Autour du narguilé se rassemblent des personnes venues
partager le plaisir de tirer sur le tuyau et de voir s’envoler
autour d’elles, dans la fumée exhalée qui s’estompe en volutes
grises, les soucis de la vie quotidienne.
Ce plaisir cependant est porteur de problèmes de santé,
notamment respiratoires. En effet, les répercussions
pulmonaires secondaires à la consommation du narguilé
sont de plus en plus certaines (1), particulièrement en ce
qui concerne les pathologies bronchiques obstructives, mais
aussi pour ce qui est des infections respiratoires à répétition
et du cancer du poumon (2). La convivialité du narguilé et le
barbotement de la fumée dans l’eau confortent les fumeurs
dans l’idée que cet instrument de plaisir et de réunion ne
peut être nocif ! Et pourtant…
D’un autre côté, les bombardements poussent les membres
d’une même famille, les habitants d’un même immeuble, les
déplacés originaires d’une même région, à se réunir dans des
lieux dits plus sûrs pour partager l’angoisse de l’incertitude.

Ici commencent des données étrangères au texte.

(* Let $\hat{a}\in\mathbb{C}$, $\hat{a}\neq 0$, and $\hat{d}\in\mathbb{Z}$, $\hat{d}\geq 0$. Let $F_0,F_1$ be causal filters, not both zero, with $\gcd(F_0,F_1)=z^{-d_F}$ where $0\leq d_F\leq\hat{d}$, and let $M\in\mathbb{Z}$ satisfy $0\leq M\leq \hat{d}-d_F$. Suppose $(E_0,E_1)$ is a causal complement to $(F_0,F_1)$ for $\hat{a}z^{-\hat{d}}$, i.e. $F_0E_1-F_1E_0=\hat{a}z^{-\hat{d}}$. Define $\widetilde{F}_j(z)=z^{d_F}F_j(z)$, $j=0,1$ (which are causal), and let $\ell\in\{0,1\}$ be an index for which $\widetilde{F}_\ell$ is left-justified. Then there exists a unique causal filter $S(z)$ such that the pair $(R_0,R_1)=(E_0-S\widetilde{F}_0,\;E_1-S\widetilde{F}_1)$ is a causal complement to $(F_0,F_1)$ for $\hat{a}z^{-\hat{d}}$ that is degree-reducing modulo $M$ in $F_\ell$; moreover this $(R_0,R_1)$ is the unique causal complement to $(F_0,F_1)$ for $\hat{a}z^{-\hat{d}}$ that is degree-reducing modulo $M$ in $F_\ell$.
   Context: A causal filter is a polynomial in $z^{-1}$ with complex coefficients; $\deg$ denotes degree in $z^{-1}$ ($\deg 0=-\infty$); gcd and divisibility are in $\mathbb{C}[z^{-1}]$ (up to nonzero constants). A causal filter $F$ is left-justified if $z^{-1}\nmid F$, i.e. its constant term $f(0)$ is nonzero. An ordered pair $(R_0,R_1)$ of causal filters is a causal complement to $(F_0,F_1)$ for inhomogeneity $\hat{a}z^{-\hat{d}}$ if $F_0R_1-F_1R_0=\hat{a}z^{-\hat{d}}$. It is degree-reducing modulo $M$ in $F_\ell$ ($\ell\in\{0,1\}$) if $z^{-M}$ divides both $R_0$ and $R_1$ and $\deg(R_\ell)<\deg(F_\ell)-\deg\gcd(F_0,F_1)+M$. *)

theory Defs
  imports "HOL-Computational_Algebra.Polynomial_Factorial" "HOL-Computational_Algebra.Field_as_Ring" Complex_Main
begin

text \<open>A causal filter is modelled as a polynomial in the variable w = z^{-1},
  i.e. an element of complex poly; z^{-k} is monom 1 k.\<close>

type_synonym filter = "complex poly"

definition left_justified :: "filter \<Rightarrow> bool" where
  "left_justified F \<longleftrightarrow> \<not> (monom 1 1 dvd F)"

definition causal_complement ::
  "filter \<Rightarrow> filter \<Rightarrow> complex \<Rightarrow> nat \<Rightarrow> filter \<Rightarrow> filter \<Rightarrow> bool" where
  "causal_complement F0 F1 a d R0 R1 \<longleftrightarrow> F0 * R1 - F1 * R0 = monom a d"

text \<open>Degree-reducing modulo M in F_l (l = 0 or 1), with the convention deg 0 = -infinity:
  the inequality deg R_l < deg F_l - deg gcd(F0,F1) + M holds trivially when R_l = 0
  and F_l \<noteq> 0, and fails when F_l = 0 (right-hand side is -infinity).\<close>

definition deg_reducing ::
  "nat \<Rightarrow> nat \<Rightarrow> filter \<Rightarrow> filter \<Rightarrow> filter \<Rightarrow> filter \<Rightarrow> bool" where
  "deg_reducing M l F0 F1 R0 R1 \<longleftrightarrow>
     monom 1 M dvd R0 \<and> monom 1 M dvd R1 \<and>
     (let R = (if l = 0 then R0 else R1); F = (if l = 0 then F0 else F1) in
        F \<noteq> 0 \<and> (R = 0 \<or> int (degree R) < int (degree F) - int (degree (gcd F0 F1)) + int M))"

end

theory Submission
  imports Defs
begin

text \<open>Write w = z^{-1} and G_j = F_j div w^dF. Cancelling the common factor w^dF, the
  complements of (F0, F1) are the solutions of G0 R1 - G1 R0 = a w^(d - dF) with G0, G1
  coprime, namely the pairs (E0 - S G0, E1 - S G1). If G_l is left-justified then w^M is
  invertible modulo G_l, so S can be chosen with R_l = w^M (Q mod G_l) for a suitable Q;
  w^M then divides the other component by the equation. Two such reduced solutions
  differ in their l-th component by T G_l with w^M dividing T, which by degree counting
  forces T = 0.\<close>

lemma coprime_monom_if_left_justified:
  fixes G :: filter
  assumes "left_justified G"
  shows "coprime (monom 1 M) G"
proof -
  have X: "monom (1::complex) 1 = [:0, 1:]" by (simp add: monom_altdef)
  have "prime_elem [:0, 1::complex:]" by (rule prime_elem_linear_field_poly) simp
  then have "coprime [:0, 1::complex:] G"
    using assms X prime_elem_imp_coprime unfolding left_justified_def by metis
  moreover have "monom (1::complex) M = [:0, 1:] ^ M" by (simp add: monom_altdef)
  ultimately show ?thesis by simp
qed

lemma reduced_solution_exists:
  fixes G H E E' :: filter
  assumes "left_justified G" and "M \<le> k" and eq: "G * E' - H * E = monom c k"
  shows "\<exists>S. monom 1 M dvd E - S * G \<and> monom 1 M dvd E' - S * H \<and>
             (E - S * G = 0 \<or> degree (E - S * G) < degree G + M)"
proof -
  have G0: "G \<noteq> 0" using assms(1) by (auto simp: left_justified_def)
  have cop: "coprime (monom 1 M) G" using assms(1) by (rule coprime_monom_if_left_justified)
  then obtain u v where uv: "u * monom 1 M + v * G = 1"
    using bezout_coefficients_fst_snd[of "monom 1 M" G] by (metis coprime_iff_gcd_eq_1)
  define D Q where "D = (u * E) div G" and "Q = (u * E) mod G"
  define S where "S = E * v + monom 1 M * D"
  have R: "E - S * G = monom 1 M * Q"
  proof -
    have "E = E * (u * monom 1 M + v * G)" using uv by simp
    also have "\<dots> = monom 1 M * (D * G + Q) + E * v * G"
      unfolding D_def Q_def by (simp add: algebra_simps)
    also have "\<dots> = monom 1 M * Q + S * G" unfolding S_def by (simp add: algebra_simps)
    finally show ?thesis by simp
  qed
  then have dvdR: "monom 1 M dvd E - S * G" by simp
  have "E - S * G = 0 \<or> degree (E - S * G) < degree G + M"
    using R degree_mod_less[OF G0, of "u * E"] unfolding Q_def[symmetric]
    by (cases "Q = 0") (auto simp: degree_mult_eq degree_monom_eq)
  moreover have "monom 1 M dvd E' - S * H"
  proof -
    have "monom c k = monom 1 M * monom c (k - M)" using \<open>M \<le> k\<close> by (simp add: mult_monom)
    moreover have "G * (E' - S * H) = monom c k + H * (E - S * G)"
      using eq by (simp add: algebra_simps)
    ultimately have "monom 1 M dvd G * (E' - S * H)"
      using dvdR by (metis dvd_add dvd_mult dvd_triv_left)
    then show ?thesis using cop by (simp add: coprime_dvd_mult_right_iff)
  qed
  ultimately show ?thesis using dvdR by blast
qed

lemma reduced_solution_unique:
  fixes G H R R' Q Q' :: filter
  assumes "coprime G H" and "left_justified G"
    and eq: "G * R' - H * R = G * Q' - H * Q"
    and "monom 1 M dvd R" and "R = 0 \<or> degree R < degree G + M"
    and "monom 1 M dvd Q" and "Q = 0 \<or> degree Q < degree G + M"
  shows "R = Q \<and> R' = Q'"
proof -
  have G0: "G \<noteq> 0" using assms(2) by (auto simp: left_justified_def)
  have "G * (R' - Q') = H * (R - Q)" using eq by (simp add: algebra_simps)
  then have "G dvd H * (R - Q)" by (metis dvd_triv_left)
  then obtain T where T: "R - Q = G * T"
    using \<open>coprime G H\<close> by (auto simp: coprime_dvd_mult_right_iff)
  have "R = Q"
  proof (rule ccontr)
    assume "R \<noteq> Q"
    then have "T \<noteq> 0" using T by auto
    have "monom 1 M dvd G * T" using T assms(4,6) by (metis dvd_diff)
    then have "monom 1 M dvd T"
      using coprime_monom_if_left_justified[OF assms(2)] by (simp add: coprime_dvd_mult_right_iff)
    then have "M \<le> degree T"
      using dvd_imp_degree_le[OF _ \<open>T \<noteq> 0\<close>, of "monom 1 M"] by (simp add: degree_monom_eq)
    then have "degree G + M \<le> degree (R - Q)" using T G0 \<open>T \<noteq> 0\<close> by (simp add: degree_mult_eq)
    moreover have "degree (R - Q) \<le> max (degree R) (degree Q)" by (rule degree_diff_le_max)
    ultimately show False using assms(5,7) \<open>R \<noteq> Q\<close> by auto
  qed
  then show ?thesis using eq G0 by simp
qed

lemma causal_complement_swap:
  "causal_complement F0 F1 (- a) d R0 R1 \<longleftrightarrow> causal_complement F1 F0 a d R1 R0"
proof -
  have "F0 * R1 - F1 * R0 = - (F1 * R0 - F0 * R1)" by simp
  then show ?thesis unfolding causal_complement_def by (metis minus_monom neg_equal_iff_equal)
qed

lemma deg_reducing_swap: "deg_reducing M 1 F0 F1 R0 R1 \<longleftrightarrow> deg_reducing M 0 F1 F0 R1 R0"
  by (auto simp: deg_reducing_def gcd.commute)

lemma causal_complement_cancel_gcd:
  assumes "gcd F0 F1 = monom 1 dF" and "dF \<le> d"
  shows "causal_complement F0 F1 a d R0 R1 \<longleftrightarrow>
         F0 div monom 1 dF * R1 - F1 div monom 1 dF * R0 = monom a (d - dF)"
proof -
  obtain G0 G1 where F: "F0 = monom 1 dF * G0" "F1 = monom 1 dF * G1"
    using assms(1) gcd_dvd1[of F0 F1] gcd_dvd2[of F0 F1] by (metis dvdE)
  have "F0 * R1 - F1 * R0 = monom 1 dF * (G0 * R1 - G1 * R0)"
    unfolding F by (simp add: algebra_simps)
  moreover have "monom a d = monom 1 dF * monom a (d - dF)" using assms(2) by (simp add: mult_monom)
  ultimately show ?thesis unfolding causal_complement_def F by simp
qed

lemma deg_reducing_0_iff:
  assumes "gcd F0 F1 = monom 1 dF" and "F0 div monom 1 dF \<noteq> 0"
  shows "deg_reducing M 0 F0 F1 R0 R1 \<longleftrightarrow>
         monom 1 M dvd R0 \<and> monom 1 M dvd R1 \<and>
         (R0 = 0 \<or> degree R0 < degree (F0 div monom 1 dF) + M)"
proof -
  obtain G0 where F0: "F0 = monom 1 dF * G0"
    using assms(1) gcd_dvd1[of F0 F1] by (metis dvdE)
  then have "G0 \<noteq> 0" "F0 \<noteq> 0" "degree F0 = dF + degree G0"
    using assms(2) by (auto simp: degree_mult_eq degree_monom_eq)
  then show ?thesis using assms(1) F0 by (auto simp: deg_reducing_def degree_monom_eq)
qed

lemma reduced_complement_exists_unique:
  fixes a :: complex and d dF M :: nat and F0 F1 E0 E1 :: filter
  assumes "gcd F0 F1 = monom 1 dF" and "dF \<le> d" and "M \<le> d - dF"
    and "causal_complement F0 F1 a d E0 E1"
    and "left_justified (F0 div monom 1 dF)"
  shows "\<exists>S. causal_complement F0 F1 a d (E0 - S * (F0 div monom 1 dF)) (E1 - S * (F1 div monom 1 dF))
            \<and> deg_reducing M 0 F0 F1 (E0 - S * (F0 div monom 1 dF)) (E1 - S * (F1 div monom 1 dF))
            \<and> (\<forall>S'. causal_complement F0 F1 a d (E0 - S' * (F0 div monom 1 dF)) (E1 - S' * (F1 div monom 1 dF))
                   \<and> deg_reducing M 0 F0 F1 (E0 - S' * (F0 div monom 1 dF)) (E1 - S' * (F1 div monom 1 dF))
                   \<longrightarrow> S' = S)
            \<and> (\<forall>R0 R1. causal_complement F0 F1 a d R0 R1 \<and> deg_reducing M 0 F0 F1 R0 R1
                   \<longrightarrow> R0 = E0 - S * (F0 div monom 1 dF) \<and> R1 = E1 - S * (F1 div monom 1 dF))"
proof -
  define G0 G1 where "G0 = F0 div monom 1 dF" and "G1 = F1 div monom 1 dF"
  have "G0 \<noteq> 0" using assms(5) unfolding G0_def left_justified_def by auto
  then have "F0 \<noteq> 0" unfolding G0_def by auto
  then have cop: "coprime G0 G1" using div_gcd_coprime[of F0 F1] assms(1) G0_def G1_def by simp
  have cc: "causal_complement F0 F1 a d R0 R1 \<longleftrightarrow> G0 * R1 - G1 * R0 = monom a (d - dF)" for R0 R1
    unfolding G0_def G1_def using assms(1,2) by (rule causal_complement_cancel_gcd)
  have dr: "deg_reducing M 0 F0 F1 R0 R1 \<longleftrightarrow>
      monom 1 M dvd R0 \<and> monom 1 M dvd R1 \<and> (R0 = 0 \<or> degree R0 < degree G0 + M)" for R0 R1
    unfolding G0_def using assms(1) \<open>G0 \<noteq> 0\<close>[unfolded G0_def] by (rule deg_reducing_0_iff)
  have eq: "G0 * E1 - G1 * E0 = monom a (d - dF)" using assms(4) cc by blast
  have ccS: "causal_complement F0 F1 a d (E0 - S * G0) (E1 - S * G1)" for S
    unfolding cc eq[symmetric] by (simp add: algebra_simps)
  obtain S where S: "monom 1 M dvd E0 - S * G0" "monom 1 M dvd E1 - S * G1"
      "E0 - S * G0 = 0 \<or> degree (E0 - S * G0) < degree G0 + M"
    using reduced_solution_exists[OF assms(5)[folded G0_def] assms(3) eq] by blast
  have unique: "R0 = E0 - S * G0 \<and> R1 = E1 - S * G1"
    if "causal_complement F0 F1 a d R0 R1" and "deg_reducing M 0 F0 F1 R0 R1" for R0 R1
  proof (rule reduced_solution_unique[OF cop assms(5)[folded G0_def]])
    show "G0 * R1 - G1 * R0 = G0 * (E1 - S * G1) - G1 * (E0 - S * G0)"
      using that(1) ccS[of S] unfolding cc by simp
  qed (use that(2) S in \<open>auto simp: dr\<close>)
  show ?thesis unfolding G0_def[symmetric] G1_def[symmetric]
  proof (intro exI[of _ S] conjI allI impI)
    show "causal_complement F0 F1 a d (E0 - S * G0) (E1 - S * G1)" by (rule ccS)
    show "deg_reducing M 0 F0 F1 (E0 - S * G0) (E1 - S * G1)" using S by (simp add: dr)
  next
    fix S' assume "causal_complement F0 F1 a d (E0 - S' * G0) (E1 - S' * G1) \<and>
                   deg_reducing M 0 F0 F1 (E0 - S' * G0) (E1 - S' * G1)"
    then have "E0 - S' * G0 = E0 - S * G0" using unique by blast
    then show "S' = S" using \<open>G0 \<noteq> 0\<close> by simp
  qed (use unique in auto)
qed

theorem theorem2p6:
  fixes a :: complex and d dF M l :: nat and F0 F1 E0 E1 :: "complex poly"
  assumes "a \<noteq> 0"
    and "F0 \<noteq> 0 \<or> F1 \<noteq> 0"
    and "gcd F0 F1 = monom 1 dF" and "dF \<le> d"
    and "M \<le> d - dF"
    and "causal_complement F0 F1 a d E0 E1"
    and "l \<in> {0, 1}"
    and "left_justified ((if l = 0 then F0 else F1) div monom 1 dF)"
  shows "\<exists>S. causal_complement F0 F1 a d (E0 - S * (F0 div monom 1 dF)) (E1 - S * (F1 div monom 1 dF))
            \<and> deg_reducing M l F0 F1 (E0 - S * (F0 div monom 1 dF)) (E1 - S * (F1 div monom 1 dF))
            \<and> (\<forall>S'. causal_complement F0 F1 a d (E0 - S' * (F0 div monom 1 dF)) (E1 - S' * (F1 div monom 1 dF))
                   \<and> deg_reducing M l F0 F1 (E0 - S' * (F0 div monom 1 dF)) (E1 - S' * (F1 div monom 1 dF))
                   \<longrightarrow> S' = S)
            \<and> (\<forall>R0 R1. causal_complement F0 F1 a d R0 R1 \<and> deg_reducing M l F0 F1 R0 R1
                   \<longrightarrow> R0 = E0 - S * (F0 div monom 1 dF) \<and> R1 = E1 - S * (F1 div monom 1 dF))"
proof (cases "l = 0")
  case True
  then show ?thesis using reduced_complement_exists_unique assms(3-6,8) by simp
next
  case False
  then have "l = 1" using assms(7) by simp
  have "causal_complement F1 F0 (- a) d E1 E0"
    using assms(6) by (simp add: causal_complement_swap)
  from reduced_complement_exists_unique[OF _ assms(4,5) this] assms(3,8) \<open>l = 1\<close>
  show ?thesis unfolding \<open>l = 1\<close> deg_reducing_swap
    by (simp add: gcd.commute causal_complement_swap) blast
qed

end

N’est-ce pas là un effet rassembleur ? De sorte que l’on
entend souvent des phrases du type : “Il a fallu la guerre pour
que nous nous rencontrions”, ou encore : “Faisons contre
mauvaise fortune bon cœur et profitons du fait que nous
soyons ensemble” ; ce qui pourrait laisser croire à un effet
bénéfique de la guerre ! Et pourtant…
Par-delà le danger vital et les perturbations profondes de
la vie quotidienne – dans toutes ses composantes – qui en
résultent, et que nous n’aborderons pas ici, ces retrouvailles
forcées sont surtout porteuses de problèmes de santé,
notamment respiratoires. Le temps passé à consumer une
cigarette après l’autre potentialise les effets néfastes du
tabagisme actif aussi bien que ceux du tabagisme passif.

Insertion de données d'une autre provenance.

lemma homogenization_split_qm_merge:
  assumes "W = p # m @ [q]" and "fp_reduced A B W" and "m \<noteq> []"
    and "fp_letter A B s" and "isl s = isl p" and "isl s = isl q"
    and "\<And>r. fp_cons A B q (p # r) = s # r"
  shows "homogenization (free_product A B) (split_qm fA fB) W
           = split_qm fA fB m + case_sum fA fB s"
  unfolding homogenization_def
proof (rule lim_affine_inverse[where d = "case_sum fA fB p + case_sum fA fB q - case_sum fA fB s"])
  fix n :: nat
  assume "n \<ge> 1"
  then obtain k where n: "n = Suc k"
    using not0_implies_Suc by force
  show "split_qm fA fB (W [^]\<^bsub>free_product A B\<^esub> n) / real n
      = split_qm fA fB m + case_sum fA fB s
        + (case_sum fA fB p + case_sum fA fB q - case_sum fA fB s) / real n"
    unfolding n fp_pow_merge[OF assms]
    by (simp add: split_qm_concat_replicate field_simps)
qed

lemma qm_defect_ge:
  assumes "x \<in> carrier G" and "y \<in> carrier G"
  shows "ereal \<bar>f (x \<otimes>\<^bsub>G\<^esub> y) - f x - f y\<bar> \<le> qm_defect G f"
  unfolding qm_defect_def by (rule SUP_upper2[of "(x, y)"]) (use assms in auto)

lemma qm_defect_nonneg:
  assumes "carrier G \<noteq> {}"
  shows "0 \<le> qm_defect G f"
proof -
  from assms obtain x where x: "x \<in> carrier G"
    by blast
  have "0 \<le> ereal \<bar>f (x \<otimes>\<^bsub>G\<^esub> x) - f x - f x\<bar>"
    by simp
  also have "\<dots> \<le> qm_defect G f"
    using qm_defect_ge[OF x x] .
  finally show ?thesis .
qed

lemma two_qm_defect_le:
  assumes "carrier G \<noteq> {}"
    and "\<And>x y. x \<in> carrier G \<Longrightarrow> y \<in> carrier G \<Longrightarrow>
           ereal (2 * \<bar>f (x \<otimes>\<^bsub>G\<^esub> y) - f x - f y\<bar>) \<le> R"
  shows "2 * qm_defect G f \<le> R"
proof -
  have "2 * qm_defect G f = (SUP p \<in> carrier G \<times> carrier G.
      2 * ereal \<bar>f (fst p \<otimes>\<^bsub>G\<^esub> snd p) - f (fst p) - f (snd p)\<bar>)"
    unfolding qm_defect_def by (rule SUP_ereal_mult_left[symmetric]) (use assms(1) in auto)
  also have "\<dots> \<le> R"
  proof (rule SUP_least)
    fix p
    assume "p \<in> carrier G \<times> carrier G"
    with assms(2)[of "fst p" "snd p"]
    show "2 * ereal \<bar>f (fst p \<otimes>\<^bsub>G\<^esub> snd p) - f (fst p) - f (snd p)\<bar> \<le> R"
      by (simp add: mem_Times_iff)
  qed
  finally show ?thesis .
qed

lemma alternating_defect_eq_0:
  fixes G (structure)
  assumes "group G" and "alternating G f" and "x \<in> carrier G" and "y \<in> carrier G"
    and "x = \<one>\<^bsub>G\<^esub> \<or> y = \<one>\<^bsub>G\<^esub> \<or> x \<otimes>\<^bsub>G\<^esub> y = \<one>\<^bsub>G\<^esub>"
  shows "f (x \<otimes>\<^bsub>G\<^esub> y) - f x - f y = 0"
proof -
  interpret group G by fact
  have inv: "f (inv x) = - f x" if "x \<in> carrier G" for x
    using assms(2) that unfolding alternating_def by blast
  have "f \<one> = - f \<one>"
    using inv[OF one_closed] by simp
  then have "f \<one> = 0"
    by simp
  moreover have "y = inv x" if "x \<otimes> y = \<one>"
    using that assms(3,4) by (metis inv_comm inv_equality)
  ultimately show ?thesis
    using assms(3-5) inv by auto
qed

lemma two_defect_le_defect_homogenization_split_qm:
  assumes "group A" and "group B" and "alternating B fB"
    and x: "x \<in> carrier A" "x \<noteq> \<one>\<^bsub>A\<^esub>" and y: "y \<in> carrier A" "y \<noteq> \<one>\<^bsub>A\<^esub>"
    and xy: "x \<otimes>\<^bsub>A\<^esub> y \<noteq> \<one>\<^bsub>A\<^esub>"
    and b: "b \<in> carrier B" "b \<noteq> \<one>\<^bsub>B\<^esub>"
  shows "ereal (2 * \<bar>fA (x \<otimes>\<^bsub>A\<^esub> y) - fA x - fA y\<bar>)
     \<le> qm_defect (free_product A B) (homogenization (free_product A B) (split_qm fA fB))"
proof -
  let ?H = "homogenization (free_product A B) (split_qm fA fB)"
  define b' where "b' = inv\<^bsub>B\<^esub> b"
  have b': "b' \<in> carrier B" "b' \<noteq> \<one>\<^bsub>B\<^esub>" "b' \<otimes>\<^bsub>B\<^esub> b = \<one>\<^bsub>B\<^esub>"
    using b unfolding b'_def
    by (simp_all add: group.inv_closed[OF assms(2)] group.inv_eq_1_iff[OF assms(2)]
        group.l_inv[OF assms(2)])
  have fB_b': "fB b' = - fB b"
    using assms(3) b unfolding alternating_def b'_def by blast
  have xy_closed: "x \<otimes>\<^bsub>A\<^esub> y \<in> carrier A"
    using x y by (simp add: group.is_monoid[OF assms(1)] monoid.m_closed)
  define g where "g = [Inl y, Inr b, Inl x, Inr b']"
  define h where "h = [Inr b, Inl y, Inr b', Inl x]"
  have g: "fp_reduced A B g" and h: "fp_reduced A B h"
    using x y b b' by (auto simp: g_def h_def)
  have gh: "fp_mult A B g h = Inl y # [Inr b, Inl (x \<otimes>\<^bsub>A\<^esub> y), Inr b'] @ [Inl x]"
    using x y b b' xy by (simp add: g_def h_def fp_mult_def Let_def)
  have "?H g = fA y + fA x" and "?H h = fA y + fA x"
    using homogenization_split_qm_cyclically_reduced[OF g]
      homogenization_split_qm_cyclically_reduced[OF h]
    by (simp_all add: g_def h_def fB_b')
  moreover have "?H (fp_mult A B g h) = 2 * fA (x \<otimes>\<^bsub>A\<^esub> y)"
    using homogenization_split_qm_merge[OF gh, where A = A and B = B and fA = fA and fB = fB
        and s = "Inl (x \<otimes>\<^bsub>A\<^esub> y)"] gh x y b b' fB_b' xy xy_closed
    by (simp add: fp_letter_def Let_def)
  ultimately have "\<bar>?H (fp_mult A B g h) - ?H g - ?H h\<bar>
      = 2 * \<bar>fA (x \<otimes>\<^bsub>A\<^esub> y) - fA x - fA y\<bar>"
    by (simp add: abs_if)
  with qm_defect_ge[of g "free_product A B" h ?H] g h show ?thesis
    by (simp add: free_product_def)
qed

Les destructions massives de nombreux édifices et les incendies
provoqués par certaines des bombes employées sont autant
de causes de majoration de la pollution atmosphérique. Les
fumées et les poussières dégagées dans l’atmosphère irritent
la muqueuse des bronches supérieures et inférieures malgré
le blocus aérien empêchant tout transport par cette voie !

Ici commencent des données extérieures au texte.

theorem lemma2:
  fixes M :: "'w measure" and F :: "real \<Rightarrow> 'w measure"
    and B :: "real \<Rightarrow> 'w \<Rightarrow> real^'d"
    and m :: nat
    and \<phi> :: "nat \<Rightarrow> real \<Rightarrow> ereal" and \<phi>' :: "nat \<Rightarrow> real \<Rightarrow> real"
    and nv :: "nat \<Rightarrow> real^'d" and a :: "nat \<Rightarrow> real"
    and D :: "(real^'d) set"
    and X :: "real \<Rightarrow> 'w \<Rightarrow> real^'d" and L :: "real \<Rightarrow> 'w \<Rightarrow> real"
  assumes "prob_space M"
    and "usual_conditions M F"
    and "brownian_motion M F B"
    and "m \<ge> 1"
    and "\<And>i. i \<in> {1..m} \<Longrightarrow> ereal_convex (\<phi> i) \<and> ereal_lsc (\<phi> i)"
    and "\<And>i x. i \<in> {1..m} \<Longrightarrow> x < 0 \<Longrightarrow> \<phi> i x = \<infinity>"
    and "\<And>i x. i \<in> {1..m} \<Longrightarrow> x > 0 \<Longrightarrow> \<bar>\<phi> i x\<bar> \<noteq> \<infinity>"
    and "\<And>i x. i \<in> {1..m} \<Longrightarrow> x > 0 \<Longrightarrow>
           ((\<lambda>y. real_of_ereal (\<phi> i y)) has_real_derivative \<phi>' i x) (at x)"
    and "\<And>i. i \<in> {1..m} \<Longrightarrow> continuous_on {0<..} (\<phi>' i)"
    and "\<And>i. i \<in> {1..m} \<Longrightarrow> norm (nv i) = 1"
    and "inj_on nv {1..m}"
    and "D = {x. \<forall>i\<in>{1..m}. x \<bullet> nv i > a i}"
    and "D \<noteq> {}"
    and "msde_solution M F B D (\<lambda>x. \<Sum>i\<in>{1..m}. \<phi>' i (x \<bullet> nv i - a i) *\<^sub>R nv i) X L"
  shows "\<forall>i\<in>{1..m}. \<forall>t. 0 < t \<longrightarrow>
           (AE \<omega> in M. (\<integral>\<^sup>+ s\<in>{0..t}. ennreal \<bar>\<phi>' i (X s \<omega> \<bullet> nv i - a i)\<bar> \<partial>lborel) < \<infinity>)"
proof (intro ballI allI impI)
  fix i and t :: real
  assume i: "i \<in> {1..m}" and "0 < t"
  obtain z where z: "\<And>j. j \<in> {1..m} \<Longrightarrow> z \<bullet> nv j > a j"
    using assms(12,13) by blast
  have mono: "(\<phi>' j u - \<phi>' j c) * (u - c) \<ge> 0" if "j \<in> {1..m}" "u > 0" "c > 0" for j u c
    using ereal_convex_deriv_monotone[OF _ assms(7,8)] assms(5) that by blast
  note solution = assms(14)[unfolded msde_solution_def, THEN conjunct2, THEN conjunct2]
  show "AE \<omega> in M. (\<integral>\<^sup>+ s\<in>{0..t}. ennreal \<bar>\<phi>' i (X s \<omega> \<bullet> nv i - a i)\<bar> \<partial>lborel) < \<infinity>"
    using solution[THEN conjunct2] AE_space
  proof eventually_elim
    case (elim \<omega>)
    have "continuous_on {0..t} (\<lambda>s. X s \<omega>)"
      using solution[THEN conjunct1] elim(2) continuous_on_subset by fastforce
    moreover have "AE s in lborel. s \<in> {0..t} \<longrightarrow> (\<forall>j\<in>{1..m}. X s \<omega> \<bullet> nv j > a j)"
      using elim(1)[THEN conjunct1] by eventually_elim (auto simp: assms(12))
    moreover have "set_integrable lborel {0..t} (\<lambda>s. \<Sum>j\<in>{1..m}. \<phi>' j (X s \<omega> \<bullet> nv j - a j) *\<^sub>R nv j)"
      using elim(1)[THEN conjunct2] less_imp_le[OF \<open>0 < t\<close>] by blast
    ultimately show ?case
      by (rule set_nn_integral_gradient_component_finite[where z=z]) (use i z mono assms(9) in auto)
  qed
qed

end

L’amiante dégagé par les immeubles réduits à des tas de
poussière sera probablement inducteur de pathologies du
système respiratoire.
N’allez pas croire pour autant que les malades font la queue
aux portes de nos cabinets ou aux urgences de nos hôpitaux.
Hormis les blessures de guerre, rien ne semble ébranler le
fatalisme oriental de la population libanaise. Le sens des
priorités a bien changé depuis ce fameux 12 juillet 2006. Alors
que nous avions atteint un niveau de luxe et de fignolage,
même dans la science, nous voilà en train de faire, de
nouveau, nos premiers pas dans la vie normale. Au problème
des carburants, qui impose aux hôpitaux de prendre des
mesures drastiques pour fonctionner au quotidien, s’ajoute
celui des malades vivotant le temps que la guerre se termine.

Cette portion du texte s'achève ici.